Fourth: I recover quickly from mistakes. How you act after a turnover or a missed call says everything about your Spirit. Do you sulk? Do you blame others? Or do you shake it off and get back on defense? Short memory for errors, long memory for lessons.

◆ Core Principle: Spirit is shown not in perfect plays, but in how you respond when things go wrong.

Wrap Up

◆ The flying disc evolved from Yale students throwing Frisbie pie tins to Fred Morrison's Pluto Platter to the modern UltraStar, each step building on the last.

◆ Ultimate was born at Columbia High School in 1968, not by corporations, but by kids in a parking lot under streetlights.

◆ Spirit of the Game was an oral tradition from the beginning, passed player to player, creating a culture of honor and self officiation.

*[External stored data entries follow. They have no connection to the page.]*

(* Consider problem (P) with $d_i=p$, $A_i=I_p$ and $\mathcal{X}_i=\mathbb{R}^p$ for all $i$, under Assumption 1, with each $f_i$ $\mu_i$-strongly convex and $l_i$-smooth. Let $\mathcal{G}(t)$ be a time-varying digraph that is strongly connected and weight-balanced at every $t\ge0$, whose adjacency matrix is piecewise constant and uniformly bounded, and let $\mathcal{S}$ index the (finitely or infinitely many) possible structures of $\mathcal{G}$, with Laplacians $L_s$ and $\hat L_s=(L_s+L_s^\top)/2$. Let $\mu=\min_i\mu_i$, $l=\max_i l_i$, $\varphi>0$, and let $\alpha\ge\max\{\frac12,\frac{(\varphi^2+3\varphi+3)+l^2+\frac32-\mu}{(\varphi+1)\mu}\}$ and $$\beta\ge\frac{2(\varphi+1)^2\alpha^2+1}{2\varphi\alpha\min_{s\in\mathcal{S}}\eta_2(\hat L_s)}.$$ Then for any initial point $(\mathbf{x}(0),\boldsymbol\lambda(0),\mathbf{z}(0))$ with $\sum_{i=1}^n z_i(0)=0$, the trajectory of IDEA with $\mathbf{L}=\mathbf{L}(t)=L(t)\otimes I_p$ converges exponentially to a point $(\mathbf{x}^*,\boldsymbol\lambda^*,\mathbf{z}^* )$, where $\mathbf{x}^*$ is the unique optimal solution of (P).
   Context: Problem (P): for $i=1,\dots,n$ let $f_i:\mathbb{R}^{d_i}\to\mathbb{R}$, $\mathcal{X}_i\subseteq\mathbb{R}^{d_i}$, $A_i\in\mathbb{R}^{p\times d_i}$, $b\in\mathbb{R}^p$; $\mathbf{x}=[x_1^\top,\dots,x_n^\top]^\top$, $f(\mathbf{x})=\sum_i f_i(x_i)$, $A=[A_1,\dots,A_n]$, $\mathcal{X}=\prod_i\mathcal{X}_i$; (P) is $\min f(\mathbf{x})$ s.t. $A\mathbf{x}=b$, $\mathbf{x}\in\mathcal{X}$, assumed to have at least one optimal solution. Assumption 1: each $\mathcal{X}_i$ closed and convex, $f_i$ convex on $\mathcal{X}_i$ and differentiable on an open set containing $\mathcal{X}_i$ with $\nabla f_i$ locally Lipschitz there, and Slater's condition holds. $l_i$-smooth means $\nabla f_i$ is $l_i$-Lipschitz. Graph: weighted digraph with adjacency $[a_{ij}]$ ($a_{ij}>0$ if agent $i$ receives from agent $j$, else $0$); Laplacian $L=\mathrm{diag}(\sum_j a_{ij})_i-[a_{ij}]$; weight-balanced: $\sum_j a_{ji}=\sum_j a_{ij}$ for all $i$; strongly connected: directed path between any pair. $\eta_2(\cdot)$ is the second smallest eigenvalue. IDEA: choose $b_1,\dots,b_n$ with $\sum_i b_i=b$; $\mathbf{A}=\mathrm{diag}(A_1,\dots,A_n)$, $\mathbf{b}=[b_1^\top,\dots,b_n^\top]^\top$, $\nabla f(\mathbf{x})=[\nabla f_1(x_1)^\top,\dots,\nabla f_n(x_n)^\top]^\top$. IDEA is $\dot{\mathbf{x}}=-\alpha(\nabla f(\mathbf{x})+\mathbf{A}^\top\boldsymbol\lambda)-\mathbf{A}^\top(\mathbf{A}\mathbf{x}-\mathbf{b}-\mathbf{z})$, $\dot{\boldsymbol\lambda}=\mathbf{A}\mathbf{x}-\mathbf{b}-\mathbf{z}-\beta\mathbf{L}\boldsymbol\lambda$, $\dot{\mathbf{z}}=\alpha\beta\mathbf{L}\boldsymbol\lambda$, $\mathbf{z}=[z_1^\top,\dots,z_n^\top]^\top$. *)

theory Defs
  imports "HOL-Analysis.Analysis" "Jordan_Normal_Form.Char_Poly"
    "HOL-Computational_Algebra.Polynomial"
begin

definition strongly_convex :: "real \<Rightarrow> ('a::real_normed_vector \<Rightarrow> real) \<Rightarrow> bool" where
  "strongly_convex \<mu> f \<longleftrightarrow> (\<forall>x y. \<forall>u::real. 0 \<le> u \<and> u \<le> 1 \<longrightarrow>
      f (u *\<^sub>R x + (1 - u) *\<^sub>R y) \<le> u * f x + (1 - u) * f y - \<mu> / 2 * u * (1 - u) * (norm (x - y))\<^sup>2)"

(* Laplacian entry of an n-agent weighted digraph with adjacency a (a i j > 0: i receives from j) *)
definition lap :: "nat \<Rightarrow> (nat \<Rightarrow> nat \<Rightarrow> real) \<Rightarrow> nat \<Rightarrow> nat \<Rightarrow> real" where
  "lap n a i j = (if i = j then (\<Sum>k<n. a i k) else 0) - a i j"

definition lap_hat :: "nat \<Rightarrow> (nat \<Rightarrow> nat \<Rightarrow> real) \<Rightarrow> real mat" where
  "lap_hat n a = Matrix.mat n n (\<lambda>(i,j). (lap n a i j + lap n a j i) / 2)"

(* second smallest eigenvalue (counted with multiplicity) of a real matrix whose
   characteristic polynomial splits over the reals (e.g. a symmetric matrix) *)
definition eta2 :: "real mat \<Rightarrow> real" where
  "eta2 M = sorted_list_of_multiset (proots (char_poly M)) ! 1"

definition weight_balanced :: "nat \<Rightarrow> (nat \<Rightarrow> nat \<Rightarrow> real) \<Rightarrow> bool" where
  "weight_balanced n a \<longleftrightarrow> (\<forall>i<n. (\<Sum>j<n. a j i) = (\<Sum>j<n. a i j))"

definition strongly_connected :: "nat \<Rightarrow> (nat \<Rightarrow> nat \<Rightarrow> real) \<Rightarrow> bool" where
  "strongly_connected n a \<longleftrightarrow>
     (\<forall>i<n. \<forall>j<n. (i, j) \<in> {(u, v). u < n \<and> v < n \<and> a v u > 0}\<^sup>*)"

definition locally_const_at :: "(real \<Rightarrow> 'b) \<Rightarrow> real \<Rightarrow> bool" where
  "locally_const_at a t \<longleftrightarrow> (\<exists>e>0. \<forall>s\<ge>0. \<bar>s - t\<bar> < e \<longrightarrow> a s = a t)"

definition piecewise_constant :: "(real \<Rightarrow> 'b) \<Rightarrow> bool" where
  "piecewise_constant a \<longleftrightarrow> (\<forall>T. finite {t \<in> {0..T}. \<not> locally_const_at a t})"

(* (P) with A_i = I, X_i = R^p:  min sum f_i(x_i)  s.t.  sum x_i = b *)
definition feasible :: "nat \<Rightarrow> 'a::real_vector \<Rightarrow> (nat \<Rightarrow> 'a) \<Rightarrow> bool" where
  "feasible n b x \<longleftrightarrow> (\<Sum>i<n. x i) = b"

definition optimal :: "nat \<Rightarrow> (nat \<Rightarrow> 'a::real_vector \<Rightarrow> real) \<Rightarrow> 'a \<Rightarrow> (nat \<Rightarrow> 'a) \<Rightarrow> bool" where
  "optimal n f b x \<longleftrightarrow> feasible n b x \<and>
     (\<forall>y. feasible n b y \<longrightarrow> (\<Sum>i<n. f i (x i)) \<le> (\<Sum>i<n. f i (y i)))"

(* (x, lambda, z) is a trajectory of IDEA (A_i = I_p) on [0,oo) with time-varying graph a(t):
   continuous, and the ODE holds at every t > 0 that is not a switching instant of a *)
definition IDEA_trajectory ::
  "nat \<Rightarrow> (nat \<Rightarrow> 'a::euclidean_space \<Rightarrow> 'a) \<Rightarrow> (nat \<Rightarrow> 'a) \<Rightarrow> real \<Rightarrow> real \<Rightarrow>
   (real \<Rightarrow> nat \<Rightarrow> nat \<Rightarrow> real) \<Rightarrow>
   (real \<Rightarrow> nat \<Rightarrow> 'a) \<Rightarrow> (real \<Rightarrow> nat \<Rightarrow> 'a) \<Rightarrow> (real \<Rightarrow> nat \<Rightarrow> 'a) \<Rightarrow> bool" where
  "IDEA_trajectory n gf bb \<alpha> \<beta> a x lam z \<longleftrightarrow>
     (\<forall>i<n. continuous_on {0..} (\<lambda>t. x t i) \<and> continuous_on {0..} (\<lambda>t. lam t i)
            \<and> continuous_on {0..} (\<lambda>t. z t i)) \<and>
     (\<forall>t>0. locally_const_at a t \<longrightarrow> (\<forall>i<n.
        ((\<lambda>s. x s i) has_vector_derivative
            (- \<alpha> *\<^sub>R (gf i (x t i) + lam t i) - (x t i - bb i - z t i))) (at t) \<and>
        ((\<lambda>s. lam s i) has_vector_derivative
            (x t i - bb i - z t i - \<beta> *\<^sub>R (\<Sum>j<n. lap n (a t) i j *\<^sub>R lam t j))) (at t) \<and>
        ((\<lambda>s. z s i) has_vector_derivative
            ((\<alpha> * \<beta>) *\<^sub>R (\<Sum>j<n. lap n (a t) i j *\<^sub>R lam t j))) (at t)))"

end

theory Submission
  imports Defs
begin

(*
  Work in error coordinates around the equilibrium (xo, ls, xo - bb): xo is the optimum and
  ls = - grad f_i (xo_i) is the same for all agents by optimality.  The sum of the z_i is
  invariant, because the Laplacian of a weight-balanced graph has zero column sums.  With
  W = Z + alpha L, whose derivative alpha (X - Z) is free of the Laplacian, a quadratic form V in
  X, W and L with a small cross term between the sums of X and W satisfies V' <= - kappa V at every
  time that is not a switching instant: strong monotonicity of the gradients controls X, and the
  disagreement of L is controlled by the algebraic connectivity eta2 of the symmetrised
  Laplacian, bounded below uniformly over all graph structures.  Hence V, and with it every
  error, decays exponentially.
*)

section \<open>The Laplacian quadratic form\<close>

definition lap_quad :: "nat \<Rightarrow> (nat \<Rightarrow> nat \<Rightarrow> real) \<Rightarrow> (nat \<Rightarrow> real) \<Rightarrow> real" where
  "lap_quad n a v = (\<Sum>i<n. \<Sum>j<n. lap n a i j * v i * v j)"

definition lap_sym :: "nat \<Rightarrow> (nat \<Rightarrow> nat \<Rightarrow> real) \<Rightarrow> nat \<Rightarrow> nat \<Rightarrow> real" where
  "lap_sym n a i j = (lap n a i j + lap n a j i) / 2"

lemma lap_row_sum: "i < n \<Longrightarrow> (\<Sum>j<n. lap n a i j) = 0"
  by (simp add: lap_def sum_subtractf)

lemma lap_col_sum: "weight_balanced n a \<Longrightarrow> j < n \<Longrightarrow> (\<Sum>i<n. lap n a i j) = 0"
  by (simp add: lap_def sum_subtractf weight_balanced_def)

lemma lap_sym_commute: "lap_sym n a i j = lap_sym n a j i"
  by (simp add: lap_sym_def add.commute)

lemma lap_sym_row_sum:
  "weight_balanced n a \<Longrightarrow> i < n \<Longrightarrow> (\<Sum>j<n. lap_sym n a i j) = 0"
  by (simp add: lap_sym_def lap_row_sum lap_col_sum sum.distrib flip: sum_divide_distrib)

lemma lap_sym_col_sum:
  "weight_balanced n a \<Longrightarrow> j < n \<Longrightarrow> (\<Sum>i<n. lap_sym n a i j) = 0"
  by (subst lap_sym_commute) (rule lap_sym_row_sum)

lemma lap_quad_edge_sum:
  assumes "weight_balanced n a"
  shows "lap_quad n a v = (\<Sum>i<n. \<Sum>j<n. a i j * (v i - v j)^2) / 2"
proof -
  have out_in: "(\<Sum>i<n. \<Sum>j<n. a i j * (v j)^2) = (\<Sum>i<n. \<Sum>j<n. a i j * (v i)^2)"
  proof -
    have "(\<Sum>i<n. \<Sum>j<n. a i j * (v j)^2) = (\<Sum>j<n. (\<Sum>i<n. a i j) * (v j)^2)"
      by (subst sum.swap) (simp add: sum_distrib_right)
    also have "\<dots> = (\<Sum>j<n. (\<Sum>i<n. a j i) * (v j)^2)"
      using assms by (simp add: weight_balanced_def)
    finally show ?thesis by (simp add: sum_distrib_right)
  qed
  have "lap_quad n a v = (\<Sum>i<n. (\<Sum>j<n. a i j) * (v i)^2) - (\<Sum>i<n. \<Sum>j<n. a i j * v i * v j)"
    by (simp add: lap_quad_def lap_def left_diff_distrib sum_subtractf power2_eq_square
        if_distrib[of "\<lambda>x. x * _"] mult.assoc cong: if_cong)
  then have "lap_quad n a v = (\<Sum>i<n. \<Sum>j<n. a i j * (v i)^2) - (\<Sum>i<n. \<Sum>j<n. a i j * v i * v j)"
    by (simp add: sum_distrib_right)
  moreover have "(\<Sum>i<n. \<Sum>j<n. a i j * (v i - v j)^2) = (\<Sum>i<n. \<Sum>j<n. a i j * (v i)^2)
      - 2 * (\<Sum>i<n. \<Sum>j<n. a i j * v i * v j) + (\<Sum>i<n. \<Sum>j<n. a i j * (v j)^2)"
    by (simp add: power2_diff algebra_simps sum.distrib sum_subtractf sum_distrib_left)
  ultimately show ?thesis using out_in by simp
qed

lemma lap_quad_nonneg:
  assumes "weight_balanced n a" and "\<And>i j. i < n \<Longrightarrow> j < n \<Longrightarrow> a i j \<ge> 0"
  shows "lap_quad n a v \<ge> 0"
  unfolding lap_quad_edge_sum[OF assms(1)] using assms(2)
  by (intro divide_nonneg_pos sum_nonneg mult_nonneg_nonneg) auto

lemma lap_quad_eq_0_imp_consensus:
  assumes wb: "weight_balanced n a" and nn: "\<And>i j. i < n \<Longrightarrow> j < n \<Longrightarrow> a i j \<ge> 0"
    and sc: "strongly_connected n a" and q0: "lap_quad n a v = 0" and "i < n" "j < n"
  shows "v i = v j"
proof -
  have terms_nonneg: "\<And>i j. i < n \<Longrightarrow> j < n \<Longrightarrow> 0 \<le> a i j * (v i - v j)^2"
    using nn by simp
  have rows_nonneg: "\<forall>i\<in>{..<n}. 0 \<le> (\<Sum>j<n. a i j * (v i - v j)^2)"
    using terms_nonneg by (auto intro: sum_nonneg)
  have "(\<Sum>i<n. \<Sum>j<n. a i j * (v i - v j)^2) = 0"
    using q0 by (simp add: lap_quad_edge_sum[OF wb])
  then have "(\<Sum>j<n. a i j * (v i - v j)^2) = 0" if "i < n" for i
    using that rows_nonneg sum_nonneg_eq_0_iff[of "{..<n}" "\<lambda>i. \<Sum>j<n. a i j * (v i - v j)^2"]
    by simp
  then have "a i j * (v i - v j)^2 = 0" if "i < n" "j < n" for i j
    using that terms_nonneg sum_nonneg_eq_0_iff[of "{..<n}" "\<lambda>j. a i j * (v i - v j)^2"]
    by simp
  then have edge: "v y = v x" if "x < n" "y < n" "a y x > 0" for x y
    using that by fastforce
  have "(i, j) \<in> {(u, w). u < n \<and> w < n \<and> a w u > 0}\<^sup>*"
    using sc \<open>i < n\<close> \<open>j < n\<close> by (simp add: strongly_connected_def)
  then have "v j = v i"
    by (induction rule: rtrancl_induct) (auto dest: edge)
  then show ?thesis by simp
qed

lemma lap_quad_lap_sym: "lap_quad n a v = (\<Sum>i<n. v i * (\<Sum>j<n. lap_sym n a i j * v j))"
proof -
  have "(\<Sum>i<n. \<Sum>j<n. lap n a j i * v i * v j) = lap_quad n a v"
    unfolding lap_quad_def by (subst sum.swap) (simp add: algebra_simps)
  then show ?thesis
    by (simp add: lap_sym_def lap_quad_def sum_distrib_left sum.distrib algebra_simps
        add_divide_distrib flip: sum_divide_distrib)
qed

◆ Pioneers like Jerry Mindes, Jim Pistrang, Tom Kennedy, and Joel Silver built the sport through persistence, passion, and grassroots organizing, and many still play today.

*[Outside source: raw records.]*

theorem lemma4p5:
  fixes A :: "int ^ 'n ^ 'n::finite" and lam :: "real ^ 'n" and I :: "'n tpoly set"
  assumes "invertible A"
    and "tropical_ideal I"
  defines "I' \<equiv> {f. is_tpoly f \<and> phi_star A lam f \<in> I}"
  shows "tropical_ideal I' \<and>
         (\<forall>w. phi_star A 0 ` initial_ideal (trop_phi A lam w) I' = initial_ideal w I) \<and>
         tvariety I' = trop_phi A lam ` tvariety I"
proof -
  have "I' = phi_star A lam -` I"
    using assms unfolding I'_def tropical_ideal_def is_tideal_set_def
    by (intro tpoly_preimage_eq_vimage) auto
  then show ?thesis
    using assms by (simp add: tropical_ideal_vimage_phi_star initial_ideal_vimage_phi_star
        tvariety_vimage_phi_star)
qed

end
lemma wlen_attained:
  assumes "w \<in> weyl t n"
  obtains ws where "ws \<in> words n" "wact t n ws = w" "length ws = wlen t n w"
proof -
  obtain ws where "ws \<in> words n" "w = wact t n ws"
    using assms unfolding weyl_def by auto
  then have "\<exists>r. \<exists>ws \<in> words n. length ws = r \<and> wact t n ws = w"
    by auto
  from LeastI_ex[OF this] show ?thesis
    using that unfolding wlen_def by auto
qed

lemma wlen_append_le_left:
  assumes "xs \<in> words n" "ys \<in> words n"
  shows "wlen t n (wact t n (xs @ ys)) \<le> wlen t n (wact t n xs) + length ys"
proof -
  obtain rs where rs: "rs \<in> words n" "wact t n rs = wact t n xs" "length rs = wlen t n (wact t n xs)"
    using wlen_attained[OF wact_in_weyl[OF assms(1)]] by blast
  then have "wact t n (xs @ ys) = wact t n (rs @ ys)"
    by (simp add: wact_append)
  then show ?thesis
    using wlen_le_length[of "rs @ ys" n t] rs assms by simp
qed

lemma wlen_append_le_right:
  assumes "xs \<in> words n" "ys \<in> words n"
  shows "wlen t n (wact t n (xs @ ys)) \<le> length xs + wlen t n (wact t n ys)"
proof -
  obtain rs where rs: "rs \<in> words n" "wact t n rs = wact t n ys" "length rs = wlen t n (wact t n ys)"
    using wlen_attained[OF wact_in_weyl[OF assms(2)]] by blast
  then have "wact t n (xs @ ys) = wact t n (xs @ rs)"
    by (simp add: wact_append)
  then show ?thesis
    using wlen_le_length[of "xs @ rs" n t] rs assms by simp
qed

◆ Spirit has evolved dramatically. The 1980s NYNY dynasty emphasized intensity first. Modern Spirit balances fierce competition with inclusion and community.

◆ The sport grew from parking lot games to over 7 million players in 100+ countries, all connected by the same grassroots Spirit.

◆ Professional Ultimate arrived in 2012. The sport continues to pursue Olympic inclusion for Brisbane 2032.

◆ The varsity revolution at Oklahoma Christian and Davenport shows Spirit evolving into institutional settings while maintaining core values.

Mentor's Closing

You now know where this sport came from.

You know about Fred Morrison tossing cake pans on Santa Monica beach and turning a five cent product into a hundred million dollar industry. You know about Jared Kass leaping for that catch and thinking "This is the ultimate game." You know about Joel Silver's joke that changed everything.

You know about Jerry Mindes still playing every Sunday at Nolte, fifty six years after he started. You know about Jim Pistrang writing 40 letters and getting one response, then coaching middle school for 30 years because he believed in the joy of discovery.

You know that Spirit started as an oral tradition. You know it evolved through the fierce intensity of the NYNY dynasty. You know it continues to grow more inclusive while staying competitive.

You know that Ultimate spread across the globe not through marketing campaigns but through players teaching other players, one throw at a time.

Now it is your turn to be part of that history.

Every time you step on the field, you are adding to this story. Every time you teach someone their first backhand, you are doing what Jim Pistrang did with those 40 letters. Every time you call a foul honestly, you are honoring the oral tradition that started in 1968. Every time you play with Spirit, you are honoring what those Columbia High School students created under the mercury vapor lights.

The next chapter of Ultimate's history has not been written yet.